------ Input data ------
lemma sum_divide_ln_one_plus_eq_1:
  fixes c a :: "'a \<Rightarrow> real"
  assumes A: "finite A" "A \<noteq> {}" and c: "\<And>j. j \<in> A \<Longrightarrow> 0 < c j"
    and a: "\<And>j. j \<in> A \<Longrightarrow> 0 < a j"
  shows "\<exists>q>0. (\<Sum>j\<in>A. c j / ln (1 + q * a j)) = 1"
proof -
  define S where "S q = (\<Sum>j\<in>A. c j / ln (1 + q * a j))" for q
  obtain q1 where q1: "0 < q1" "1 < S q1"
    using sum_divide_ln_one_plus_gt_1[of A c a, OF A c a] unfolding S_def by blast
  obtain q2 where q2: "0 < q2" "S q2 < 1"
    using sum_divide_ln_one_plus_lt_1[of A c a, OF A c a] unfolding S_def by blast
  have "\<not> q2 < q1"
  proof
    assume "q2 < q1"
    then have "S q1 < S q2"
      unfolding S_def using q2(1) c a
      by (intro sum_divide_ln_one_plus_strict_antimono[OF A]) simp_all
    then show False using q1 q2 by linarith
  qed
  moreover have "continuous_on {q1..q2} S"
    unfolding S_def
  proof (intro continuous_on_sum continuous_on_divide continuous_on_ln continuous_intros ballI)
    fix j q assume "j \<in> A" "q \<in> {q1..q2}"
    then have "0 < q * a j" using q1 a by auto
    then show "ln (1 + q * a j) \<noteq> 0" "1 + q * a j \<noteq> 0" by auto
  qed
  ultimately obtain q where "q1 \<le> q" "S q = 1"
    using IVT2'[of S q2 1 q1] q1 q2 by auto
  then show ?thesis using q1 unfolding S_def by (intro exI[of _ q]) auto
qed

section \<open>The non-linear power coupling equation\<close>

locale cellular_network =
  fixes J :: "'n::finite \<Rightarrow> 'u set"
    and g :: "'n \<Rightarrow> 'u \<Rightarrow> real" and \<sigma>2 :: real
    and x :: "'n \<Rightarrow> real" and r :: "'n \<Rightarrow> 'u \<Rightarrow> real"
  assumes J_fin: "\<forall>i. finite (J i)"
    and J_ne: "\<forall>i. J i \<noteq> {}"
    and g_pos: "\<forall>k. \<forall>j\<in>(\<Union>i. J i). g k j > 0"
    and \<sigma>_pos: "\<sigma>2 > 0"
    and x_pos: "\<forall>i. x i > 0"
    and r_pos: "\<forall>i. \<forall>j\<in>J i. r i j > 0"
begin

definition interference_noise :: "('n \<Rightarrow> real) \<Rightarrow> 'n \<Rightarrow> 'u \<Rightarrow> real" where
  "interference_noise p i j = (\<Sum>k\<in>UNIV - {i}. p k * g k j * x k) + \<sigma>2"

lemma eta_altdef:
  "eta g \<sigma>2 J x r p i q = (\<Sum>j\<in>J i. (r i j / x i) / ln (1 + q * g i j / interference_noise p i j))"
  unfolding eta_def interference_noise_def ..

lemma gain_pos: "j \<in> J i \<Longrightarrow> 0 < g k j"
  using g_pos by blast

lemma rate_load_pos: "j \<in> J i \<Longrightarrow> 0 < r i j / x i"
  using r_pos x_pos by simp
------
▶ **Aim of the task**
Print out all the entries above exactly.

▶ **Task solution**
lemma sum_divide_ln_one_plus_eq_1:
  fixes c a :: "'a \<Rightarrow> real"
  assumes A: "finite A" "A \<noteq> {}" and c: "\<And>j. j \<in> A \<Longrightarrow> 0 < c j"
    and a: "\<And>j. j \<in> A \<Longrightarrow> 0 < a j"
  shows "\<exists>q>0. (\<Sum>j\<in>A. c j / ln (1 + q * a j)) = 1"
proof -
  define S where "S q = (\<Sum>j\<in>A. c j / ln (1 + q * a j))" for q
  obtain q1 where q1: "0 < q1" "1 < S q1"
    using sum_divide_ln_one_plus_gt_1[of A c a, OF A c a] unfolding S_def by blast
  obtain q2 where q2: "0 < q2" "S q2 < 1"
    using sum_divide_ln_one_plus_lt_1[of A c a, OF A c a] unfolding S_def by blast
  have "\<not> q2 < q1"
  proof
    assume "q2 < q1"
    then have "S q1 < S q2"
      unfolding S_def using q2(1) c a
      by (intro sum_divide_ln_one_plus_strict_antimono[OF A]) simp_all
    then show False using q1 q2 by linarith
  qed
  moreover have "continuous_on {q1..q2} S"
    unfolding S_def
  proof (intro continuous_on_sum continuous_on_divide continuous_on_ln continuous_intros ballI)
    fix j q assume "j \<in> A" "q \<in> {q1..q2}"
    then have "0 < q * a j" using q1 a by auto
    then show "ln (1 + q * a j) \<noteq> 0" "1 + q * a j \<noteq> 0" by auto
  qed
  ultimately obtain q where "q1 \<le> q" "S q = 1"
    using IVT2'[of S q2 1 q1] q1 q2 by auto
  then show ?thesis using q1 unfolding S_def by (intro exI[of _ q]) auto
qed

section \<open>The non-linear power coupling equation\<close>

locale cellular_network =
  fixes J :: "'n::finite \<Rightarrow> 'u set"
    and g :: "'n \<Rightarrow> 'u \<Rightarrow> real" and \<sigma>2 :: real
    and x :: "'n \<Rightarrow> real" and r :: "'n \<Rightarrow> 'u \<Rightarrow> real"
  assumes J_fin: "\<forall>i. finite (J i)"
    and J_ne: "\<forall>i. J i \<noteq> {}"
    and g_pos: "\<forall>k. \<forall>j\<in>(\<Union>i. J i). g k j > 0"
    and \<sigma>_pos: "\<sigma>2 > 0"
    and x_pos: "\<forall>i. x i > 0"
    and r_pos: "\<forall>i. \<forall>j\<in>J i. r i j > 0"
begin

definition interference_noise :: "('n \<Rightarrow> real) \<Rightarrow> 'n \<Rightarrow> 'u \<Rightarrow> real" where
  "interference_noise p i j = (\<Sum>k\<in>UNIV - {i}. p k * g k j * x k) + \<sigma>2"

lemma eta_altdef:
  "eta g \<sigma>2 J x r p i q = (\<Sum>j\<in>J i. (r i j / x i) / ln (1 + q * g i j / interference_noise p i j))"
  unfolding eta_def interference_noise_def ..

lemma gain_pos: "j \<in> J i \<Longrightarrow> 0 < g k j"
  using g_pos by blast

lemma rate_load_pos: "j \<in> J i \<Longrightarrow> 0 < r i j / x i"
  using r_pos x_pos by simp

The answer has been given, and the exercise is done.